### TASK ITEM
Look through the data below for the line with "id \<in> G \<and>", and transcribe it exactly together with each line after it up to and including the line with "G \<longleftrightarrow> (\<forall>a". Give nothing else.
+++
(* Let $M$ be a countable transitive $\aleph_0$-categorical structure with no algebraicity admitting weak elimination of imaginaries, $G=\operatorname{Aut}(M)$, and let $\mu$ be a $G$-invariant, ergodic Borel probability measure on $\mathrm{LO}(M)$ which respects every $2$-type. Then $\mu$ is a Dirac measure.
   Context: $\mathrm{LO}(M)$ is the compact space of linear orders on $M$ with $a<_{g\cdot x}b\iff g^{-1}a<_xg^{-1}b$. A $2$-type is a $G$-orbit on $M^2$, $\mathrm{tp}(ab)$ the orbit of $(a,b)$. A measure $\mu$ on $\mathrm{LO}(M)$ respects a $2$-type $\tau$ if for all $a,b,c\in M$ with $\mathrm{tp}(ac)=\mathrm{tp}(bc)=\tau$, for $\mu$-a.e. $x$, $c$ is not strictly between $a$ and $b$ in $<_x$. No algebraicity: for finite $A\subseteq M$, all orbits of the pointwise stabilizer $G_A$ on $M\setminus A$ are infinite. Weak elimination of imaginaries: every proper open subgroup $V<G$ contains some $G_{\bar a}$ ($\bar a$ finite tuple) with finite index. *)

theory Defs
  imports "HOL-Probability.Probability"
begin

section \<open>Permutation groups on a countable set M (= UNIV :: 'a set)\<close>

definition perm_group :: "('a \<Rightarrow> 'a) set \<Rightarrow> bool" where
  "perm_group G \<longleftrightarrow> (\<forall>g\<in>G. bij g) \<and> id \<in> G \<and>
     (\<forall>g\<in>G. \<forall>h\<in>G. g \<circ> h \<in> G) \<and> (\<forall>g\<in>G. inv g \<in> G)"

text \<open>Closed in Sym(M) for the pointwise convergence topology; these are exactly
  the automorphism groups of structures with universe M.\<close>
definition closed_perm_group :: "('a \<Rightarrow> 'a) set \<Rightarrow> bool" where
  "closed_perm_group G \<longleftrightarrow> perm_group G \<and>
     (\<forall>f. bij f \<longrightarrow> (\<forall>A. finite A \<longrightarrow> (\<exists>g\<in>G. \<forall>a\<in>A. g a = f a)) \<longrightarrow> f \<in> G)"

definition pstab :: "('a \<Rightarrow> 'a) set \<Rightarrow> 'a set \<Rightarrow> ('a \<Rightarrow> 'a) set" where
  "pstab G A = {g\<in>G. \<forall>a\<in>A. g a = a}"

definition tuple_orbit :: "('a \<Rightarrow> 'a) set \<Rightarrow> 'a list \<Rightarrow> 'a list set" where
  "tuple_orbit G xs = {map g xs | g. g \<in> G}"

text \<open>Oligomorphic: finitely many orbits on n-tuples for every n
  (by Ryll-Nardzewski, equivalent to aleph_0-categoricity of the structure).\<close>
definition oligomorphic :: "('a \<Rightarrow> 'a) set \<Rightarrow> bool" where
  "oligomorphic G \<longleftrightarrow> (\<forall>n. finite {tuple_orbit G xs | xs. length xs = n})"

definition transitive_group :: "('a \<Rightarrow> 'a) set \<Rightarrow> bool" where
  "transitive_group G \<longleftrightarrow> (\<forall>a b. \<exists>g\<in>G. g a = b)"

definition no_algebraicity :: "('a \<Rightarrow> 'a) set \<Rightarrow> bool" where
  "no_algebraicity G \<longleftrightarrow>
     (\<forall>A a. finite A \<longrightarrow> a \<notin> A \<longrightarrow> infinite {g a | g. g \<in> pstab G A})"

definition subgroup_of :: "('a \<Rightarrow> 'a) set \<Rightarrow> ('a \<Rightarrow> 'a) set \<Rightarrow> bool" where
  "subgroup_of V G \<longleftrightarrow> V \<subseteq> G \<and> id \<in> V \<and>
     (\<forall>g\<in>V. \<forall>h\<in>V. g \<circ> h \<in> V) \<and> (\<forall>g\<in>V. inv g \<in> V)"

text \<open>A subgroup is open in the pointwise convergence topology iff it contains
  some pointwise stabilizer of a finite set.\<close>
definition open_subgroup :: "('a \<Rightarrow> 'a) set \<Rightarrow> ('a \<Rightarrow> 'a) set \<Rightarrow> bool" where
  "open_subgroup V G \<longleftrightarrow> subgroup_of V G \<and> (\<exists>A. finite A \<and> pstab G A \<subseteq> V)"

definition left_cosets :: "('a \<Rightarrow> 'a) set \<Rightarrow> ('a \<Rightarrow> 'a) set \<Rightarrow> ('a \<Rightarrow> 'a) set set" where
  "left_cosets V H = {(\<lambda>h. g \<circ> h) ` H | g. g \<in> V}"

text \<open>Weak elimination of imaginaries: every proper open subgroup V contains
  G_{a} (a a finite tuple, i.e. G_A for the finite set A of its entries)
  as a subgroup of finite index.\<close>
definition weak_elim_imag :: "('a \<Rightarrow> 'a) set \<Rightarrow> bool" where
  "weak_elim_imag G \<longleftrightarrow>
     (\<forall>V. open_subgroup V G \<longrightarrow> V \<noteq> G \<longrightarrow>
        (\<exists>A. finite A \<and> pstab G A \<subseteq> V \<and> finite (left_cosets V (pstab G A))))"

definition is_LO :: "('a \<times> 'a) set \<Rightarrow> bool" where
  "is_LO x \<longleftrightarrow> irrefl x \<and> trans x \<and> (\<forall>a b. a \<noteq> b \<longrightarrow> (a, b) \<in> x \<or> (b, a) \<in> x)"

definition LO :: "('a \<times> 'a) set set" where
  "LO = {x. is_LO x}"

text \<open>Borel sigma-algebra of the compact space LO(M) (subspace of 2^(M x M));
  for countable M it is generated by the clopen sets {x. a <_x b}.\<close>
definition LO_space :: "('a \<times> 'a) set measure" where
  "LO_space = sigma LO {{x\<in>LO. (a, b) \<in> x} | a b. True}"

definition act :: "('a \<Rightarrow> 'a) \<Rightarrow> ('a \<times> 'a) set \<Rightarrow> ('a \<times> 'a) set" where
  "act g x = {(a, b). (inv g a, inv g b) \<in> x}"

definition invariant_measure :: "('a \<Rightarrow> 'a) set \<Rightarrow> ('a \<times> 'a) set measure \<Rightarrow> bool" where
  "invariant_measure G \<mu> \<longleftrightarrow>
     (\<forall>g\<in>G. \<forall>B\<in>sets \<mu>. act g ` B \<in> sets \<mu> \<and> emeasure \<mu> (act g ` B) = emeasure \<mu> B)"

definition ergodic_measure :: "('a \<Rightarrow> 'a) set \<Rightarrow> ('a \<times> 'a) set measure \<Rightarrow> bool" where
  "ergodic_measure G \<mu> \<longleftrightarrow>
     (\<forall>B\<in>sets \<mu>. (\<forall>g\<in>G. act g ` B = B) \<longrightarrow> emeasure \<mu> B = 0 \<or> emeasure \<mu> B = 1)"

definition same_2type :: "('a \<Rightarrow> 'a) set \<Rightarrow> 'a \<times> 'a \<Rightarrow> 'a \<times> 'a \<Rightarrow> bool" where
  "same_2type G p q \<longleftrightarrow> (\<exists>g\<in>G. g (fst p) = fst q \<and> g (snd p) = snd q)"

definition strictly_between :: "('a \<times> 'a) set \<Rightarrow> 'a \<Rightarrow> 'a \<Rightarrow> 'a \<Rightarrow> bool" where
  "strictly_between x a c b \<longleftrightarrow> ((a, c) \<in> x \<and> (c, b) \<in> x) \<or> ((b, c) \<in> x \<and> (c, a) \<in> x)"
+++
### OUTPUT FOR THIS EXERCISE
  "perm_group G \<longleftrightarrow> (\<forall>g\<in>G. bij g) \<and> id \<in> G \<and>
     (\<forall>g\<in>G. \<forall>h\<in>G. g \<circ> h \<in> G) \<and> (\<forall>g\<in>G. inv g \<in> G)"

text \<open>Closed in Sym(M) for the pointwise convergence topology; these are exactly
  the automorphism groups of structures with universe M.\<close>
definition closed_perm_group :: "('a \<Rightarrow> 'a) set \<Rightarrow> bool" where
  "closed_perm_group G \<longleftrightarrow> perm_group G \<and>
     (\<forall>f. bij f \<longrightarrow> (\<forall>A. finite A \<longrightarrow> (\<exists>g\<in>G. \<forall>a\<in>A. g a = f a)) \<longrightarrow> f \<in> G)"

definition pstab :: "('a \<Rightarrow> 'a) set \<Rightarrow> 'a set \<Rightarrow> ('a \<Rightarrow> 'a) set" where
  "pstab G A = {g\<in>G. \<forall>a\<in>A. g a = a}"

definition tuple_orbit :: "('a \<Rightarrow> 'a) set \<Rightarrow> 'a list \<Rightarrow> 'a list set" where
  "tuple_orbit G xs = {map g xs | g. g \<in> G}"

text \<open>Oligomorphic: finitely many orbits on n-tuples for every n
  (by Ryll-Nardzewski, equivalent to aleph_0-categoricity of the structure).\<close>
definition oligomorphic :: "('a \<Rightarrow> 'a) set \<Rightarrow> bool" where
  "oligomorphic G \<longleftrightarrow> (\<forall>n. finite {tuple_orbit G xs | xs. length xs = n})"

definition transitive_group :: "('a \<Rightarrow> 'a) set \<Rightarrow> bool" where
  "transitive_group G \<longleftrightarrow> (\<forall>a b. \<exists>g\<in>G. g a = b)"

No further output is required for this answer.